I'm trying to read from a file that is currently being written to at high speeds by a different python script. There are ~ 70,000 lines in the file. When I try to read in the lines, I generally get to ~7,750 before my application exits.
I think this is due to the file being written to (append only). I have processed larger files (20k lines), but only while not being written to.
What steps can I take to troubleshoot further? How can I read from this file, despite it currently being written to?
I'm new-ish to Python. Any/all help is appreciated.
tweets_data = []
tweets_file = open(tweets_data_path, "r")
i = 0
for line in tweets_file:
try:
tweet = json.loads(line)
tweets_data.append(tweet)
i += 1
if i % 250 == 0:
print i
except:
continue
## Total # of tweets captured
print len(tweets_data)
- Python 2.7
- Ubuntu 14.04
Traceback: I get this for every read
ValueError: No JSON object could be decoded
Traceback (most recent call last):
File "data-parser.py", line 33, in <module>
tweet = json.loads(line)
File "/usr/lib/python2.7/json/__init__.py", line 338, in loads
return _default_decoder.decode(s)
File "/usr/lib/python2.7/json/decoder.py", line 366, in decode
obj, end = self.raw_decode(s, idx=_w(s, 0).end())
File "/usr/lib/python2.7/json/decoder.py", line 384, in raw_decode
raise ValueError("No JSON object could be decoded")
UPDATE:
I've modified my code to follow the suggestions put forth by @JanVlcinsky. I've identified that the issue is not that the file is being written to. In the below code, if I comment out tweets_data.append(tweet)
, or if I add a condition so that tweets are only added to the array half as often, my program works as expected. However, if I try to read in all ~90,000 lines, My application exits prematurely.
tweets_data = []
with open(tweets_data_path) as f:
for i, line in enumerate(f):
if i % 1000 == 0:
print "line check: ", str(i)
try:
## Skip "newline" entries
if i % 2 == 1:
continue
## Load tweets into array
tweet = json.loads(line)
tweets_data.append(tweet)
except Exception as e:
print e
continue
## Total # of tweets captured
print "decoded tweets: ", len(tweets_data)

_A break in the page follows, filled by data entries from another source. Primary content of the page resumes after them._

lemma L1_alt_octahedral:
  assumes cm: "complete_measure M" and sf: "sigma_finite_measure M"
    and X: "alt_octahedral (UNIV :: 'b::real_normed_vector set) norm"
  shows "alt_octahedral (L1_space M :: ('a \<Rightarrow> 'b) set) (L1_norm M)"
proof (rule alt_octahedral_transfer[OF X])
  fix n :: nat and f :: "nat \<Rightarrow> 'a \<Rightarrow> 'b" and \<eta> :: real
  assume n: "n \<ge> 1" and f: "\<forall>i<n. f i \<in> L1_space M \<and> L1_norm M (f i) = 1" and \<eta>: "\<eta> > 0"
  have f\<^sub>0: "L1_norm M (f 0) = 1" using f n by simp
  then have "f 0 \<noteq> (\<lambda>x. 0)" by (auto simp: L1_norm_def)
  then obtain b where b: "f 0 b \<noteq> 0" by blast
  have "\<forall>i<n. strongly_measurable M (f i)" using f by (simp add: L1_space_def)
  moreover have "\<eta> / 4 > 0" using \<eta> by simp
  ultimately obtain A v \<delta> where A: "A \<in> sets M" "emeasure M A < \<infinity>" "0 < measure M A"
    and \<delta>: "0 \<le> \<delta>" "\<delta> * measure M A \<le> \<eta> / 4"
    and near: "\<forall>i<n. AE x in M. x \<in> A \<longrightarrow> norm (f i x - v i) \<le> \<delta>"
    by (rule sigma_finite_family_near_constant[OF sf space_not_null_if_L1_norm_eq_1[OF f\<^sub>0]])
  define m where "m = measure M A"
  have "\<exists>u. norm u = 1 \<and> norm (m *\<^sub>R v i) *\<^sub>R u = m *\<^sub>R v i" for i
    by (rule ex_unit_direction[OF b]) blast
  then obtain u where u: "\<And>i. norm (u i) = 1" "\<And>i. norm (m *\<^sub>R v i) *\<^sub>R u i = m *\<^sub>R v i"
    by metis
  have bound: "norm (u i + w) - \<eta> \<le> L1_norm M (\<lambda>x. f i x + indicator A x *\<^sub>R (w /\<^sub>R m))"
    if i: "i < n" and w: "norm w = 1" for i w
  proof -
    from f i have "f i \<in> L1_space M" "L1_norm M (f i) = 1" by auto
    from L1_unit_norm_add_bump_ge[OF cm this A(1,2) m_def A(3)[folded m_def] near[rule_format, OF i]
        \<delta>(1) u(1,2) w]
    show ?thesis using \<delta>(2) unfolding m_def by linarith
  qed
  show "\<exists>u T. (\<forall>i<n. norm (u i :: 'b) = 1) \<and> (\<forall>w. norm w = 1 \<longrightarrow> T w \<in> L1_space M \<and>
      L1_norm M (T w) = 1 \<and> (\<forall>i<n. norm (u i + w) - \<eta> \<le> L1_norm M (f i + T w) \<and>
        norm (u i - w) - \<eta> \<le> L1_norm M (f i - T w)))"
  proof (intro exI[of _ u] exI[of _ "\<lambda>w x. indicator A x *\<^sub>R (w /\<^sub>R m)"] conjI allI impI)
    fix i and w :: 'b assume "i < n" "norm w = 1"
    show "norm (u i + w) - \<eta> \<le> L1_norm M (f i + (\<lambda>x. indicator A x *\<^sub>R (w /\<^sub>R m)))"
      using bound[OF \<open>i < n\<close> \<open>norm w = 1\<close>] by (simp add: plus_fun_def)
    show "norm (u i - w) - \<eta> \<le> L1_norm M (f i - (\<lambda>x. indicator A x *\<^sub>R (w /\<^sub>R m)))"
      using bound[OF \<open>i < n\<close>, of "- w"] \<open>norm w = 1\<close> by (simp add: fun_diff_def)
  next
    show "(\<lambda>x. indicator A x *\<^sub>R (w /\<^sub>R m)) \<in> L1_space M"
      "L1_norm M (\<lambda>x. indicator A x *\<^sub>R (w /\<^sub>R m)) = 1" if "norm w = 1" for w :: 'b
      using L1_bump[OF A, of w] that unfolding m_def by simp_all
  qed (use u in blast)
qed
lemma prob_Z_steps:
  assumes Sn: "S n \<subseteq> {x}"
  shows "prob {\<omega> \<in> space M. (\<forall>k\<le>n. Z k \<omega> \<in> S k) \<and> Z (n + j) \<omega> = y}
       = prob {\<omega> \<in> space M. \<forall>k\<le>n. Z k \<omega> \<in> S k} * mat_pow Pm j x y"
proof (induction j arbitrary: y)
  case 0
  have "{\<omega> \<in> space M. (\<forall>k\<le>n. Z k \<omega> \<in> S k) \<and> Z (n + 0) \<omega> = y}
      = (if y = x then {\<omega> \<in> space M. \<forall>k\<le>n. Z k \<omega> \<in> S k} else {})"
    using Sn by auto
  then show ?case by simp
next
  case (Suc j)
  define E where "E = {\<omega> \<in> space M. \<forall>k\<le>n. Z k \<omega> \<in> S k}"
  define F where "F z = {\<omega> \<in> space M. (\<forall>k\<le>n. Z k \<omega> \<in> S k) \<and> Z (n + j) \<omega> = z \<and> Z (Suc (n + j)) \<omega> = y}" for z
  have sets_F: "F z \<in> sets M" for z
  proof -
    have "{\<omega> \<in> space M. (\<forall>k\<in>{..n}. Z k \<omega> \<in> S k) \<and> Z (n + j) \<omega> = z \<and> Z (Suc (n + j)) \<omega> = y} \<in> sets M"
      by measurable
    then show ?thesis by (simp add: F_def atMost_iff)
  qed
  have prob_F: "prob (F z) = prob E * mat_pow Pm j x z * Pm z y" for z
  proof -
    define S' where "S' k = (if k \<le> n then S k else UNIV) \<inter> (if k = n + j then {z} else UNIV)" for k
    have "F z = {\<omega> \<in> space M. (\<forall>k\<le>n + j. Z k \<omega> \<in> S' k) \<and> Z (Suc (n + j)) \<omega> = y}"
      by (auto simp: F_def S'_def)
    also have "prob \<dots> = prob {\<omega> \<in> space M. \<forall>k\<le>n + j. Z k \<omega> \<in> S' k} * Pm z y"
      by (rule prob_Z_step) (auto simp: S'_def)
    also have "{\<omega> \<in> space M. \<forall>k\<le>n + j. Z k \<omega> \<in> S' k} = {\<omega> \<in> space M. (\<forall>k\<le>n. Z k \<omega> \<in> S k) \<and> Z (n + j) \<omega> = z}"
      by (auto simp: S'_def)
    finally show ?thesis using Suc.IH unfolding E_def by simp
  qed
  have "{\<omega> \<in> space M. (\<forall>k\<le>n. Z k \<omega> \<in> S k) \<and> Z (n + Suc j) \<omega> = y} = (\<Union>z\<in>UNIV. F z)"
    by (auto simp: F_def)
  then have "prob {\<omega> \<in> space M. (\<forall>k\<le>n. Z k \<omega> \<in> S k) \<and> Z (n + Suc j) \<omega> = y} = (\<Sum>z\<in>UNIV. prob (F z))"
    by (simp only:) (intro finite_measure_finite_Union, auto simp: disjoint_family_on_def F_def intro: sets_F)
  also have "\<dots> = prob E * mat_pow Pm (Suc j) x y"
    by (simp add: prob_F sum_distrib_left mult_ac)
  finally show ?case unfolding E_def .
qed

lemma prob_Z_constraints_after:
  assumes "\<forall>r\<in>R. ns r \<le> ns s" "s \<in> R"
  shows "prob ({\<omega> \<in> space M. \<forall>r\<in>R. Z (ns r) \<omega> = f r} \<inter> {\<omega> \<in> space M. Z (ns s + j) \<omega> = y})
       = prob {\<omega> \<in> space M. \<forall>r\<in>R. Z (ns r) \<omega> = f r} * mat_pow Pm j (f s) y"
proof -
  define S where "S k = {x. \<forall>r\<in>R. ns r = k \<longrightarrow> f r = x}" for k
  have constraints: "{\<omega> \<in> space M. \<forall>r\<in>R. Z (ns r) \<omega> = f r} = {\<omega> \<in> space M. \<forall>k\<le>ns s. Z k \<omega> \<in> S k}"
    using assms(1) by (auto simp: S_def)
  have "S (ns s) \<subseteq> {f s}" using assms(2) by (auto simp: S_def)
  moreover have "{\<omega> \<in> space M. \<forall>k\<le>ns s. Z k \<omega> \<in> S k} \<inter> {\<omega> \<in> space M. Z (ns s + j) \<omega> = y}
      = {\<omega> \<in> space M. (\<forall>k\<le>ns s. Z k \<omega> \<in> S k) \<and> Z (ns s + j) \<omega> = y}"
    by auto
  ultimately show ?thesis
    unfolding constraints using prob_Z_steps[where S=S and n="ns s" and x="f s"] by simp
qed

lemma N_grid_event_eq_increments:
  fixes \<tau> :: "nat \<Rightarrow> real"
  assumes \<tau>: "\<tau> 0 = 0" "\<forall>i<m. \<tau> i \<le> \<tau> (Suc i)" and c: "c 0 = 0" "\<forall>i<m. c i \<le> c (Suc i)"
  shows "{\<omega> \<in> space M. \<forall>i\<le>m. N (\<tau> i) \<omega> = c i}
       = {\<omega> \<in> space M. \<forall>i<m. N (\<tau> (Suc i)) \<omega> - N (\<tau> i) \<omega> = c (Suc i) - c i}"
proof (intro equalityI subsetI)
  fix \<omega> assume \<omega>: "\<omega> \<in> {\<omega> \<in> space M. \<forall>i<m. N (\<tau> (Suc i)) \<omega> - N (\<tau> i) \<omega> = c (Suc i) - c i}"
  have "N (\<tau> i) \<omega> = c i" if "i \<le> m" for i
    using that
  proof (induction i)
    case 0
    then show ?case using \<omega> \<tau> c N_zero by simp
  next
    case (Suc i)
    then have "i < m" by simp
    have "N (\<tau> i) \<omega> \<le> N (\<tau> (Suc i)) \<omega>"
      using \<omega> \<open>i < m\<close> \<tau> increasing_grid_nonneg[OF \<tau>, of i] by (intro N_mono) auto
    moreover have "N (\<tau> (Suc i)) \<omega> - N (\<tau> i) \<omega> = c (Suc i) - c i" "c i \<le> c (Suc i)"
      using \<omega> c \<open>i < m\<close> by auto
    moreover have "N (\<tau> i) \<omega> = c i" using Suc by simp
    ultimately show ?case by linarith
  qed
  then show "\<omega> \<in> {\<omega> \<in> space M. \<forall>i\<le>m. N (\<tau> i) \<omega> = c i}" using \<omega> by auto
qed auto

lemma prob_N_grid:
  fixes \<tau> :: "nat \<Rightarrow> real"
  assumes \<tau>: "\<tau> 0 = 0" "\<forall>i<m. \<tau> i \<le> \<tau> (Suc i)" and c: "c 0 = 0" "\<forall>i<m. c i \<le> c (Suc i)"
  shows "prob {\<omega> \<in> space M. \<forall>i\<le>m. N (\<tau> i) \<omega> = c i}
       = (\<Prod>i<m. poisson_weight (\<tau> (Suc i) - \<tau> i) (c (Suc i) - c i))"
proof (cases "m = 0")
  case True
  then have "{\<omega> \<in> space M. \<forall>i\<le>m. N (\<tau> i) \<omega> = c i} = space M" using N_zero \<tau> c by auto
  then show ?thesis using True by (simp add: prob_space)
next
  case False
  define A where "A i = (\<lambda>\<omega>. N (\<tau> (Suc i)) \<omega> - N (\<tau> i) \<omega>) -` {c (Suc i) - c i} \<inter> space M" for i
  have "indep_vars (\<lambda>_. count_space UNIV) (\<lambda>i \<omega>. N (\<tau> (Suc i)) \<omega> - N (\<tau> i) \<omega>) {..<m}"
    by (rule indep_N_increments) (use \<tau> in auto)
  then have indep: "indep_sets (\<lambda>i. {(\<lambda>\<omega>. N (\<tau> (Suc i)) \<omega> - N (\<tau> i) \<omega>) -` B \<inter> space M | B. True}) {..<m}"
    unfolding indep_vars_def by (auto elim!: indep_sets_mono_sets intro: sigma_sets.Basic)
  have "{\<omega> \<in> space M. \<forall>i\<le>m. N (\<tau> i) \<omega> = c i} = (\<Inter>i\<in>{..<m}. A i)"
    unfolding N_grid_event_eq_increments[OF \<tau> c] using False by (auto simp: A_def)
  then have "prob {\<omega> \<in> space M. \<forall>i\<le>m. N (\<tau> i) \<omega> = c i} = (\<Prod>i\<in>{..<m}. prob (A i))"
    using indep_setsD[OF indep, of "{..<m}" A] False by (auto simp: A_def)
  also have "\<dots> = (\<Prod>i<m. poisson_weight (\<tau> (Suc i) - \<tau> i) (c (Suc i) - c i))"
  proof (rule prod.cong[OF refl])
    fix i assume "i \<in> {..<m}"
    moreover have "A i = {\<omega> \<in> space M. N (\<tau> (Suc i)) \<omega> - N (\<tau> i) \<omega> = c (Suc i) - c i}"
      by (auto simp: A_def)
    ultimately show "prob (A i) = poisson_weight (\<tau> (Suc i) - \<tau> i) (c (Suc i) - c i)"
      using \<tau> increasing_grid_nonneg[OF \<tau>, of i] by (simp add: prob_N_increment)
  qed
  finally show ?thesis .
qed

print str(tweets_data[0]['text'])
Premature Exit Output:
When loading every valid line into the array...
...
line check: 41000
line check: 42000
line check: 43000
line check: 44000
line check: 45000
dannyb@twitter-data-mining:/var/www/cmd$
When loading every other valid line into the array...
...
line check: 86000
line check: 87000
line check: 88000
dannyb@twitter-data-mining:/var/www/cmd$
When loading every third valid line into the array...
...
line check: 98000
line check: 99000
line check: 100000
line check: 101000
decoded tweets: 16986
Ultimately leaving me to believe the issue is related to the size of the array and my available resources? (On a VPS w/ 1GB RAM)
FINAL: Doubling the RAM fixed this issue. It appears that my Python script was exceeding the amount of RAM made available to it. As a follow-up, I've started looking at ways to improve in-memory RAM efficiency, and ways to increase the total amount of RAM available to my script.